* Problem requirements *
Each line of the listing that includes the string "changes" needs to be located and copied.

* The data *
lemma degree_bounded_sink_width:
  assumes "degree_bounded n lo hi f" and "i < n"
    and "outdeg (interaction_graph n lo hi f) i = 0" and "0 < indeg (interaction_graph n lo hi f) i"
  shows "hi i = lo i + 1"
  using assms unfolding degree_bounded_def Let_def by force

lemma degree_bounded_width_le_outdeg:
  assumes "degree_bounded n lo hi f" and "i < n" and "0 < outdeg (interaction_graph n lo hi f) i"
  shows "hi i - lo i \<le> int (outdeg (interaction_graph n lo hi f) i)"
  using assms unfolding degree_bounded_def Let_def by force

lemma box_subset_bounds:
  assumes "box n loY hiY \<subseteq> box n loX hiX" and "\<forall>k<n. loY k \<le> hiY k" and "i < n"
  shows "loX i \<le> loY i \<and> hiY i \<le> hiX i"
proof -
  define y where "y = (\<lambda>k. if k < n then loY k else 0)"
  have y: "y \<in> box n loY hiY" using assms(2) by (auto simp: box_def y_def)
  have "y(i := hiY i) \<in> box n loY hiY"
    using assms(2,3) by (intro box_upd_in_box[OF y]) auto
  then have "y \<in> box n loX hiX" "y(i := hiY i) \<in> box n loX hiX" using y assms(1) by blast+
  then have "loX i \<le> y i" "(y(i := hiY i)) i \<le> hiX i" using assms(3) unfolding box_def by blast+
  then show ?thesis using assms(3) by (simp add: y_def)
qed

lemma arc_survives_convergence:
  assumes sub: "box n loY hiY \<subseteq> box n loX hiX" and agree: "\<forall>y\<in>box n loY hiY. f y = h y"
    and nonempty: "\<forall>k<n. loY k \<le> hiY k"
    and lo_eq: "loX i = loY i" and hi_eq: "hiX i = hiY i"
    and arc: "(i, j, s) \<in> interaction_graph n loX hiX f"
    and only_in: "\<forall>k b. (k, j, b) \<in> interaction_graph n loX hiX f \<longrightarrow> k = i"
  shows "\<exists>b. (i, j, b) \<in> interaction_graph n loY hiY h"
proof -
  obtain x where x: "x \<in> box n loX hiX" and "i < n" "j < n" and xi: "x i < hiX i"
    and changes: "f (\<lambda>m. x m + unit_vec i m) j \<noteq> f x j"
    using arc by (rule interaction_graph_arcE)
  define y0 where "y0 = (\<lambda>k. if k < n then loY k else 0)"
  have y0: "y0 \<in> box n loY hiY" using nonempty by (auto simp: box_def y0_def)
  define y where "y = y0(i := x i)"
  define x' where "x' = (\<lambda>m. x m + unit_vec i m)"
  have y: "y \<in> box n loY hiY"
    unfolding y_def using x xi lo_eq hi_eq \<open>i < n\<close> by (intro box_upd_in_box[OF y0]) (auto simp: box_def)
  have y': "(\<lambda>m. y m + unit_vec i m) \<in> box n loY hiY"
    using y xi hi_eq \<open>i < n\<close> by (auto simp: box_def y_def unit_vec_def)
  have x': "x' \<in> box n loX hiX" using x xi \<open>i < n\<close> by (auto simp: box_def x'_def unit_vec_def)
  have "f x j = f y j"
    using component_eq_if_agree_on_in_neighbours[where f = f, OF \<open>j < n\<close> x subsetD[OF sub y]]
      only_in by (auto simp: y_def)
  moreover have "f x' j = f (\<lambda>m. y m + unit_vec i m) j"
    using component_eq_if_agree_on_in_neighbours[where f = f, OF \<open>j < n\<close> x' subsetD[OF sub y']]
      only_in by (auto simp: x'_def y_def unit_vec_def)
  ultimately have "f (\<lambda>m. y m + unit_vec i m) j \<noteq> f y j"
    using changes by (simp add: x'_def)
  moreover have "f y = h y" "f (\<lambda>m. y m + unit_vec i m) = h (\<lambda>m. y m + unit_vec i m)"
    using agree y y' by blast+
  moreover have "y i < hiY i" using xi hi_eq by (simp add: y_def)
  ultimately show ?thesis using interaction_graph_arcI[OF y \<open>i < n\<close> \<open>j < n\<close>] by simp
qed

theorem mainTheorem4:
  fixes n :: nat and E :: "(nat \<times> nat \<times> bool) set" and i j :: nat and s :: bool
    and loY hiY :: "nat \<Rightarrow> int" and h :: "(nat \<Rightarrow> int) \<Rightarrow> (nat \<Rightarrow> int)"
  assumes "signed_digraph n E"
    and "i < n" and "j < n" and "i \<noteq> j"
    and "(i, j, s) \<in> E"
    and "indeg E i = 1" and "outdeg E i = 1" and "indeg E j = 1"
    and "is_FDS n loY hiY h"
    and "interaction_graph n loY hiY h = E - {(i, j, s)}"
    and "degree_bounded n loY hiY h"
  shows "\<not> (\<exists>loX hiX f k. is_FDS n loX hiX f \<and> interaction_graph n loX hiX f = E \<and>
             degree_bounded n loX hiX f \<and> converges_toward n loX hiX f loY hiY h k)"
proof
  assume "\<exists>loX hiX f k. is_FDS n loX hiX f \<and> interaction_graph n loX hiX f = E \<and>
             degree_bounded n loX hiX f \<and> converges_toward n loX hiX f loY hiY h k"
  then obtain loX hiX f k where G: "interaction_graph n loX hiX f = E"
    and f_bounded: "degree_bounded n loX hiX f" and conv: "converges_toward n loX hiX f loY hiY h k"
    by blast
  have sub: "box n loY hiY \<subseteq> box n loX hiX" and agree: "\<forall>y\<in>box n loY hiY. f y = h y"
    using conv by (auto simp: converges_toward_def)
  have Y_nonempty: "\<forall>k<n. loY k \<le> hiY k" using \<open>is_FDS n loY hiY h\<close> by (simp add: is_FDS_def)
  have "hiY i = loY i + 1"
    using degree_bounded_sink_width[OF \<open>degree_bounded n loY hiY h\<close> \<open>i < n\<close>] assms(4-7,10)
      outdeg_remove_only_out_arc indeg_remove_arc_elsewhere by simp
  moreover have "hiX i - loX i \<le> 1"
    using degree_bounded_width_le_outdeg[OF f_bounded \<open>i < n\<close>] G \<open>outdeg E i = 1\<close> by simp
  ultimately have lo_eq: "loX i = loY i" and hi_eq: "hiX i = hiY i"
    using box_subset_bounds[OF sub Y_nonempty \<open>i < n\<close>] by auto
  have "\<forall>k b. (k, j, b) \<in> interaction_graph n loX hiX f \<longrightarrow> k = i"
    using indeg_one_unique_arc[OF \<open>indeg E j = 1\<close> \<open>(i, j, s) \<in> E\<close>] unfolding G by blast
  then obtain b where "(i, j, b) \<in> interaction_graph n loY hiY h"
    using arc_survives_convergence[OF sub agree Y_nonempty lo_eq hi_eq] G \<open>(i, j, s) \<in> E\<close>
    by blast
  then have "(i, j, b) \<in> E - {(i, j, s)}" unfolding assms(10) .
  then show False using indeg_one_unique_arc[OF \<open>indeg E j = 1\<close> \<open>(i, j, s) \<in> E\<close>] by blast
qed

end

* * *

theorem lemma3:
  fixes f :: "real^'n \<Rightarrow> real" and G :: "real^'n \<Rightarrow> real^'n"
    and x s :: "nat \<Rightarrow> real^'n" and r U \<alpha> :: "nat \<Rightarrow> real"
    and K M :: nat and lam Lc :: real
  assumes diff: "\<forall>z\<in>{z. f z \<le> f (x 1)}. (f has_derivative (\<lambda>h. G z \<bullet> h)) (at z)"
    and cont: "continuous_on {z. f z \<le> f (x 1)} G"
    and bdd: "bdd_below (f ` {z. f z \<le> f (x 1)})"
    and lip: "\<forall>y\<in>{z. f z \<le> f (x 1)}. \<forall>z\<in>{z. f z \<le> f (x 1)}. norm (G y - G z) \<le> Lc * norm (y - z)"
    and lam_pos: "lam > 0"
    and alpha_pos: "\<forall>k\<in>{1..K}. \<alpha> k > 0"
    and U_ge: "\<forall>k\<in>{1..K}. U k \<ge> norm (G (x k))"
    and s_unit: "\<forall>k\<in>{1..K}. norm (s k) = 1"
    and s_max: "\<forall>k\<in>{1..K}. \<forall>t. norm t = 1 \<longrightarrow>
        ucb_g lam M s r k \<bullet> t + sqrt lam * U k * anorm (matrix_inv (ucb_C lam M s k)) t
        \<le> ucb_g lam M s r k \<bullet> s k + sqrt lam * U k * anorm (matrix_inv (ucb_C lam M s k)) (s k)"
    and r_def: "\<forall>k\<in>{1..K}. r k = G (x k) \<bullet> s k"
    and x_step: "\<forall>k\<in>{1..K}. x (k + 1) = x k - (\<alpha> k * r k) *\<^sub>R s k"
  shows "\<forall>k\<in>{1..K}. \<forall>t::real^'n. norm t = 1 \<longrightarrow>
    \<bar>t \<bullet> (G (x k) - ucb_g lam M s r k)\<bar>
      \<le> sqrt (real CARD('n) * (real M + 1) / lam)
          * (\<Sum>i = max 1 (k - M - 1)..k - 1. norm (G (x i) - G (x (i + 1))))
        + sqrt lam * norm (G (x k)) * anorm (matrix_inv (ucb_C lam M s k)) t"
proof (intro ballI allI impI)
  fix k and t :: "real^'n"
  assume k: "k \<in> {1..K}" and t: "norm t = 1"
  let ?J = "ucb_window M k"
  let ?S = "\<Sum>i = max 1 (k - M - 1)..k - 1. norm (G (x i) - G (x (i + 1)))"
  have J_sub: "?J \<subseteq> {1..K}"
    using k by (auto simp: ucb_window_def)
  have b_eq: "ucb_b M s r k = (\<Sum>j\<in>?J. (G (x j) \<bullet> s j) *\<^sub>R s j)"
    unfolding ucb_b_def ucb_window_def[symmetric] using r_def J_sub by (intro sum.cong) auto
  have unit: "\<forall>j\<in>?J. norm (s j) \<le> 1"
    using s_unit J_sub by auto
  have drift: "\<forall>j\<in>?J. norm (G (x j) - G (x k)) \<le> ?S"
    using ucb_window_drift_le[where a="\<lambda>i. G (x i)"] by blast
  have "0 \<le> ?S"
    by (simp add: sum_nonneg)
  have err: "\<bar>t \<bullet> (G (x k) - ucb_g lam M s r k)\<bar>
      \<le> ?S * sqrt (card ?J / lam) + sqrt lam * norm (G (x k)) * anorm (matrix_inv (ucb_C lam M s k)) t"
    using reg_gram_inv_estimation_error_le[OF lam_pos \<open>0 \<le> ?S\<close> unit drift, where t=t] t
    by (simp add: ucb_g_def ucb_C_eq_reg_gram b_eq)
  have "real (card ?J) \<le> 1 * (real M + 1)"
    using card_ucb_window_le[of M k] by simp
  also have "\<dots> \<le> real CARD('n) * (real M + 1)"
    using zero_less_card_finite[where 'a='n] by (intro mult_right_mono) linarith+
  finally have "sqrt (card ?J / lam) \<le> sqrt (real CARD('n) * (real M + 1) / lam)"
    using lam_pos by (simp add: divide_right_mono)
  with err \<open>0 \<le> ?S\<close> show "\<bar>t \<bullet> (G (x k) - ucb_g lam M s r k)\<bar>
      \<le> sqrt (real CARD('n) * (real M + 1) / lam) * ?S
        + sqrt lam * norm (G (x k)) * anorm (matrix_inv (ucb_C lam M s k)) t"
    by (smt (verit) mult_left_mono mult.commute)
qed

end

* The completed task *
    and changes: "f (\<lambda>m. x m + unit_vec i m) j \<noteq> f x j"
    using changes by (simp add: x'_def)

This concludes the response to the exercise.